The full enum lives in chango-protocol/src/main/java/.../OpCode.java.

Streaming installs

For a 4 GB component tarball the protocol does not buffer the whole payload in memory. The master issues:

  1. COMPONENT_INSTALL_BEGIN — header (instanceId, install path, run-as, the start / stop scripts, env, and the list of files the NM should extract).
  2. Many COMPONENT_INSTALL_DATA chunks, each chango.master.component.transfer.chunk.bytes long (default 4 MB), in order.
  3. COMPONENT_INSTALL_END — final SHA-256 check; the NM verifies the assembled tarball matches before extraction.

The NM writes each chunk straight to a temp file on its /opt volume so the master never needs to hold the bytes in memory either.

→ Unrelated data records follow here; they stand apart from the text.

lemma period_pos: "x \<in> S \<Longrightarrow> period x > 0"
  and funpow_period: "x \<in> S \<Longrightarrow> (h ^^ period x) x = x"
  using LeastI_ex[OF exists_period] unfolding period_def by auto

lemma funpow_less_period: "0 < q \<Longrightarrow> q < period x \<Longrightarrow> (h ^^ q) x \<noteq> x"
  unfolding period_def using not_less_Least by blast

lemma funpow_mod_period: assumes "x \<in> S" shows "(h ^^ n) x = (h ^^ (n mod period x)) x"
proof -
  have "(h ^^ (period x * k)) x = x" for k
    by (induction k) (auto simp: funpow_add funpow_period[OF assms] simp del: funpow.simps)
  then show ?thesis
    by (metis comp_apply funpow_add mod_mult_div_eq mult.commute)
qed

lemma inj_on_funpow_less_period: assumes "x \<in> S" shows "inj_on (\<lambda>n. (h ^^ n) x) {0..<period x}"
proof -
  have False if "i < j" "j < period x" "(h ^^ i) x = (h ^^ j) x" for i j
    using funpow_diff_fixed[OF assms that(1,3)] funpow_less_period[of "j - i" x] that by simp
  then show ?thesis
    by (intro inj_onI) (metis atLeastLessThan_iff linorder_neqE_nat)
qed

lemma orbit_eq_funpow_image: assumes "x \<in> S" shows "orbit_of h x = (\<lambda>n. (h ^^ n) x) ` {0..<period x}"
proof -
  have "(h ^^ k) x \<in> (\<lambda>n. (h ^^ n) x) ` {0..<period x}" for k
    using funpow_mod_period[OF assms, of k] period_pos[OF assms] by auto
  then show ?thesis
    unfolding orbit_of_def by auto
qed

lemma card_orbit: "x \<in> S \<Longrightarrow> card (orbit_of h x) = period x"
  using card_image[OF inj_on_funpow_less_period] orbit_eq_funpow_image by simp

lemma funpow_eq_self_iff:
  assumes "x \<in> S"
  shows "(h ^^ n) x = x \<longleftrightarrow> card (orbit_of h x) dvd n"
proof -
  have "(h ^^ n) x = x \<longleftrightarrow> (h ^^ (n mod period x)) x = (h ^^ 0) x"
    using funpow_mod_period[OF assms] by simp
  also have "\<dots> \<longleftrightarrow> n mod period x = 0"
    using inj_onD[OF inj_on_funpow_less_period[OF assms]] period_pos[OF assms] by force
  finally show ?thesis
    by (simp add: card_orbit[OF assms] dvd_eq_mod_eq_0)
qed

lemma orbit_eq:
  assumes "x \<in> S" "y \<in> orbit_of h x"
  shows "orbit_of h y = orbit_of h x"
proof -
  obtain k where k: "y = (h ^^ k) x"
    using assms(2) unfolding orbit_of_def by auto
  let ?c = "card (orbit_of h x)"
  have "k \<le> ?c * k"
    using card_orbit_pos[OF assms(1)] by simp
  then have "(h ^^ (?c * k - k)) y = (h ^^ (?c * k)) x"
    by (simp add: k funpow_add_apply)
  also have "\<dots> = x"
    using funpow_eq_self_iff[OF assms(1)] by simp
  finally have "x \<in> orbit_of h y"
    unfolding orbit_of_def by (metis rangeI)
  then obtain j where j: "x = (h ^^ j) y"
    unfolding orbit_of_def by auto
  show ?thesis
    using orbit_funpow_subset[of h k x] orbit_funpow_subset[of h j y] by (simp flip: j k)
qed

lemma orbit_funpow: "x \<in> S \<Longrightarrow> orbit_of h ((h ^^ n) x) = orbit_of h x"
  by (rule orbit_eq) (auto simp: orbit_of_def)

lemma orbits_disjoint:
  assumes "x \<in> S" "y \<in> S" "orbit_of h x \<noteq> orbit_of h y"
  shows "orbit_of h x \<inter> orbit_of h y = {}"
  using orbit_eq[OF assms(1)] orbit_eq[OF assms(2)] assms(3) by blast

Correlation, retries, timeouts

  • The master assigns a monotonically increasing 64-bit correlation id per request. The NM echoes the id on every response and every install chunk's ack.
  • A single operation has a timeout (chango.master.component.op.timeout.ms, default 120 000). If the NM does not ack within that window the master gives up and returns an error to the admin REST caller.
  • Long-running ops (install of a multi-GB tarball, slow cluster start) use a longer per-operation timeout configured per provisioner.

KMS envelope on the wire

When chango.kms.internal.protocol.encrypt = true (default), every InternalMessage payload is AES-256-GCM:

  1. Sender requests a wrapped DEK from chango's KMS provider for the wire key (internal-protocol).
  2. AES-GCM-encrypts the cleartext payload with the unwrapped DEK and a fresh 96-bit IV.
  3. Frames the wire payload as wrappedDek || iv || ciphertext || gcmTag.
  4. Receiver unwraps the DEK and decrypts.

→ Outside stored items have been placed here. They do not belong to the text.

(* There exists a universal constant $C>0$ with the following property. For every $N$, every (deterministic) $N\times N$ hermitian matrix $H$ and every $z=E+i\eta$ with $\eta>0$, the following hold, where $\Lambda=\Lambda(z)$ and $R=R(z)$ are as defined below. If $|E|\le 2+\eta$, then \[ |\Lambda|\le C\min\Big\{\frac{|R|}{|m_{sc}^2-1|},\sqrt{|R|}\Big\}. \] For all $E\in\mathbb R$, \[ |\operatorname{Im}\Lambda|\le C\min\Big\{\frac{|R|}{|m_{sc}^2-1|},\sqrt{|R|}\Big\} \qquad\text{and}\qquad \min\big(|\Lambda|,|\Lambda+2m_{sc}+z|\big)\le C\sqrt{|R|}. \]
   Context: Resolvent and Stieltjes transforms: $G=G(z)=(H-z)^{-1}$ and $m=\frac1N\operatorname{Tr}G$. Let $\rho_{sc}(x)=\frac{1}{2\pi}\sqrt{4-x^2}$ for $|x|\le 2$ and $\rho_{sc}(x)=0$ otherwise, and $m_{sc}(z)=\int\frac{\rho_{sc}(x)}{x-z}\,dx$. Set $\Lambda=m-m_{sc}$. Minors: $G^{(j)}=(H^{(j)}-z)^{-1}$, where $H^{(j)}$ is $H$ with its $j$-th row and column removed. Column vectors: $\mathbf a_j\in\mathbb C^{N-1}$ is the $j$-th column of $H$ without its diagonal entry, indexed by $\{1,\dots,N\}\setminus\{j\}$. Thus $\mathbf a_j^*G^{(j)}\mathbf a_j=\sum_{k,l\ne j}h_{jk}G^{(j)}_{kl}h_{lj}$. $\mathbb E_j$: expectation with respect to the entries $(h_{kj})_{k\neq j}$ only, all other entries held fixed. When $H$ is deterministic, $\mathbb E_j$ is understood as the corresponding functional of a random Wigner matrix, i.e. $\mathbb E_j\,\mathbf a_j^*G^{(j)}\mathbf a_j=\frac1N\sum_{k\ne j}G^{(j)}_{kk}$. The error terms: set \[ \Upsilon_j=-h_{jj}-\frac{1}{G_{jj}}\frac1N\sum_kG_{jk}G_{kj}+\mathbf a_j^*G^{(j)}\mathbf a_j-\frac1N\sum_{k\ne j}G^{(j)}_{kk} \] and $R=\frac1N\sum_{j=1}^N\Upsilon_jG_{jj}$. With these definitions $\Lambda^2+(2m_{sc}+z)\Lambda+R=0$, and $\operatorname{Im}\Lambda>-\operatorname{Im}m_{sc}$. *)

theory Defs
  imports "HOL-Analysis.Analysis"
begin

text \<open>Matrices are functions nat => nat => complex; an N x N matrix uses the
indices {..<N} (i.e. 0,...,N-1 instead of 1,...,N).\<close>

definition hermitian_mat :: "nat \<Rightarrow> (nat \<Rightarrow> nat \<Rightarrow> complex) \<Rightarrow> bool" where
  "hermitian_mat N H \<longleftrightarrow> (\<forall>i<N. \<forall>k<N. H k i = cnj (H i k))"

text \<open>Resolvent (H_I - z)^{-1} of the principal submatrix of H on the finite
index set I, as a matrix indexed by I (and zero outside I).\<close>
definition resolvent_on :: "(nat \<Rightarrow> nat \<Rightarrow> complex) \<Rightarrow> nat set \<Rightarrow> complex \<Rightarrow> (nat \<Rightarrow> nat \<Rightarrow> complex)" where
  "resolvent_on H I z = (THE G.
      (\<forall>i\<in>I. \<forall>k\<in>I. (\<Sum>l\<in>I. (H i l - (if i = l then z else 0)) * G l k) = (if i = k then 1 else 0))
    \<and> (\<forall>i k. i \<notin> I \<or> k \<notin> I \<longrightarrow> G i k = 0))"

definition res :: "nat \<Rightarrow> (nat \<Rightarrow> nat \<Rightarrow> complex) \<Rightarrow> complex \<Rightarrow> (nat \<Rightarrow> nat \<Rightarrow> complex)" where
  "res N H z = resolvent_on H {..<N} z"

text \<open>G^{(j)}: resolvent of H with the j-th row and column removed (keeps original indices).\<close>
definition res_minor :: "nat \<Rightarrow> (nat \<Rightarrow> nat \<Rightarrow> complex) \<Rightarrow> nat \<Rightarrow> complex \<Rightarrow> (nat \<Rightarrow> nat \<Rightarrow> complex)" where
  "res_minor N H j z = resolvent_on H ({..<N} - {j}) z"

definition stieltjes :: "nat \<Rightarrow> (nat \<Rightarrow> nat \<Rightarrow> complex) \<Rightarrow> complex \<Rightarrow> complex" where
  "stieltjes N H z = (1 / of_nat N) * (\<Sum>j<N. res N H z j j)"

definition rho_sc :: "real \<Rightarrow> real" where
  "rho_sc x = (if \<bar>x\<bar> \<le> 2 then sqrt (4 - x^2) / (2 * pi) else 0)"

definition m_sc :: "complex \<Rightarrow> complex" where
  "m_sc z = integral UNIV (\<lambda>x::real. complex_of_real (rho_sc x) / (complex_of_real x - z))"

definition Lambda :: "nat \<Rightarrow> (nat \<Rightarrow> nat \<Rightarrow> complex) \<Rightarrow> complex \<Rightarrow> complex" where
  "Lambda N H z = stieltjes N H z - m_sc z"

definition Upsilon :: "nat \<Rightarrow> (nat \<Rightarrow> nat \<Rightarrow> complex) \<Rightarrow> complex \<Rightarrow> nat \<Rightarrow> complex" where
  "Upsilon N H z j =
     - H j j
     - (1 / res N H z j j) * ((1 / of_nat N) * (\<Sum>k<N. res N H z j k * res N H z k j))
     + (\<Sum>k\<in>{..<N} - {j}. \<Sum>l\<in>{..<N} - {j}. H j k * res_minor N H j z k l * H l j)
     - (1 / of_nat N) * (\<Sum>k\<in>{..<N} - {j}. res_minor N H j z k k)"

definition R_err :: "nat \<Rightarrow> (nat \<Rightarrow> nat \<Rightarrow> complex) \<Rightarrow> complex \<Rightarrow> complex" where
  "R_err N H z = (1 / of_nat N) * (\<Sum>j<N. Upsilon N H z j * res N H z j j)"

end

theory Submission
  imports Defs
begin

(* The proof is deterministic and has three ingredients.
   1. The semicircle transform m_sc(z) is the root of s^2 + z s + 1 = 0 lying in
      the unit disc; we compute the defining integral via x = -2 cos t and an
      explicit primitive, and deduce Im m_sc > 0.
   2. Resolvents on finite index sets: for Hermitian H and Im z > 0 the
      resolvent exists and is unique (existence by induction on the index set,
      adding one index at a time via the Schur complement formula).  The same
      formula expresses G_jj and G_kk - G^(j)_kk through the minor G^(j); this
      turns the error term into  Upsilon_j = -z - 1/G_jj - m,  hence
      R = -(m^2 + z m + 1), and also gives Im m > 0.
   3. A purely algebraic stability estimate: if s is the root in the unit disc
      and Im m > 0, then with L = m - s and b = 2 s + z we have
      m^2 + z m + 1 = L (L + b) and s^2 - 1 = s b, the factor L + b stays away
      from 0, and in the bulk |b| is controlled by |L + b|.  This yields all
      three inequalities with C = 8.
   The theorem follows by applying 3 to m = stieltjes and s = m_sc. *)

lemma root_geometry:
  fixes s z :: complex
  assumes root: "s\<^sup>2 + z * s + 1 = 0"
  shows "z = - s - 1 / s" and "s\<^sup>2 - 1 = s * (2 * s + z)"
    and "Re (1 / s) = Re s / (cmod s)\<^sup>2" and "Im (1 / s) = - Im s / (cmod s)\<^sup>2"
proof -
  have "s \<noteq> 0" using root by auto
  then show "z = - s - 1 / s" using root by (simp add: field_simps power2_eq_square) algebra
  show "s\<^sup>2 - 1 = s * (2 * s + z)" using root unfolding power2_eq_square by algebra
  show "Re (1 / s) = Re s / (cmod s)\<^sup>2" "Im (1 / s) = - Im s / (cmod s)\<^sup>2"
    by (simp_all add: Re_divide' Im_divide')
qed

A wrong key (the cluster root secret diverged between master and NM, for example) fails to decrypt with AEADBadTagException. The NM logs the failure and refuses the message — no plaintext fallback.

When to disable encryption

chango.kms.internal.protocol.encrypt = false exists for diagnosis only. It removes the envelope and sends payloads in cleartext, which lets you tcpdump the wire to see what's actually being sent during a slow install. Never run with this disabled in production.

Sync push + pull cadence

State propagation from leader to followers / NMs is dual:

  • Push — the leader writes a change locally, then fires KMS_SYNC_PUSH / IAM_SYNC_PUSH / METADATA_SYNC_PUSH to every known peer in parallel.
  • Pull — every non-leader runs a periodic *_SYNC_PULL_REQ against the leader on a fixed interval (chango.cluster.sync.pull.interval.ms, default 30 000) to catch any push that was missed (peer was offline, network blip).

This belt-and-suspenders pattern is what keeps the cached state on every NM consistent without requiring at-least-once delivery on the push path.